(* Consider the mechanism $\mathcal{M}_{sCA}$ for the $s$-CA problem, run under best-response dynamics with random player order in which every agent starts with the empty declaration, an agent chosen for update who cannot improve his utility keeps his previous declaration, and agents play undominated strategies (single-minded declarations $(S_i,t_i(S_i))$). Then at every step of the dynamics the submitted declaration profile is separated.
   Context: $s$-CA problem: $n$ agents, a set $M$ of $m$ items; an allocation is feasible if the allocated sets are pairwise disjoint and each has at most $s$ items. Agent $i$ has a private monotone valuation $t_i$ with $t_i(\emptyset)=0$. A single-minded declaration $(S,x)$ assigns $x$ to supersets of $S$ and $0$ otherwise. Mechanism $\mathcal{M}_{sCA}$: (1) replace each declaration $d_i$ by $(S_i,d_i(S_i))$ with $S_i\in\arg\max_S d_i(S)$ (ties to smaller sets); (2) run the greedy algorithm $\mathcal{A}_{sCA}$, which considers the declared sets in decreasing order of declared value and allocates a set of size at most $s$ to its bidder if it is disjoint from all previously allocated sets, obtaining tentative sets $T_1,\dots,T_n$; (3) for each $i$ with $T_i\ne\emptyset$, let $p_i=\sum_{j\ne i:\,S_j\cap T_i\ne\emptyset}d_j(S_j)$, and if $d_i(T_i)\le p_i$ set $T_i=\emptyset$; (4) allocate $T_1,\dots,T_n$ and charge each winner the critical price under this mechanism, i.e. the infimum value he could declare for his set and still receive it. Utility = true value minus payment. For a profile $\mathbf{d}$ of single-minded declarations $(S_j,d_j(S_j))$ and a set $T$, $R_i(\mathbf{d},T)=\{j\ne i: S_j\cap T\ne\emptyset\}$ and $Q_i(\mathbf{d},T)=\{j\in R_i(\mathbf{d},T): d_j(S_j)<t_i(T)\}$. $\mathbf{d}$ is separated for agent $i$ if $\sum_{j\in Q_i(\mathbf{d},S_i)}d_j(S_j)\le d_i(S_i)$, and separated if it is separated for every agent. Best-response dynamics with random player order: at each step one uniformly random agent may switch to a utility-maximizing declaration given the others' current declarations. *)

theory Defs
  imports Complex_Main "HOL-Library.Product_Lexorder"
begin

text \<open>A single-minded declaration (S, x): value x on supersets of S, 0 otherwise.
  Agents are 0..<n; a profile maps agents to declarations.\<close>

type_synonym 'm decl = "'m set \<times> real"
type_synonym 'm profile = "nat \<Rightarrow> 'm decl"

definition empty_decl :: "'m decl" where
  "empty_decl = ({}, 0)"

text \<open>Step (1): the argmax set of (S,x), ties broken towards smaller sets
  (for x > 0 this is S, for x = 0 every set attains the max and the smallest is the empty set).\<close>
definition eff :: "'m decl \<Rightarrow> 'm set" where
  "eff d = (if snd d > 0 then fst d else {})"

definition greedy_order :: "nat \<Rightarrow> 'm profile \<Rightarrow> nat list" where
  "greedy_order n d = sort_key (\<lambda>j. (- snd (d j), j)) [0..<n]"

definition greedy_step :: "nat \<Rightarrow> 'm profile \<Rightarrow> nat \<Rightarrow> nat set \<Rightarrow> nat set" where
  "greedy_step s d j W =
     (if card (eff (d j)) \<le> s \<and> (\<forall>w\<in>W. eff (d w) \<inter> eff (d j) = {}) then insert j W else W)"

definition greedy_winners :: "nat \<Rightarrow> nat \<Rightarrow> 'm profile \<Rightarrow> nat set" where
  "greedy_winners n s d = fold (greedy_step s d) (greedy_order n d) {}"

definition tentative :: "nat \<Rightarrow> nat \<Rightarrow> 'm profile \<Rightarrow> nat \<Rightarrow> 'm set" where
  "tentative n s d i = (if i \<in> greedy_winners n s d then eff (d i) else {})"

definition threshold :: "nat \<Rightarrow> nat \<Rightarrow> 'm profile \<Rightarrow> nat \<Rightarrow> real" where
  "threshold n s d i =
     (\<Sum>j\<in>{j\<in>{0..<n}. j \<noteq> i \<and> eff (d j) \<inter> tentative n s d i \<noteq> {}}. snd (d j))"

────────────────────

■ EXERCISE DETAILS:
Copy here each line of the preceding records with "open" in it.

■ ANSWER AREA:
text \<open>A single-minded declaration (S, x): value x on supersets of S, 0 otherwise.
text \<open>Step (1): the argmax set of (S,x), ties broken towards smaller sets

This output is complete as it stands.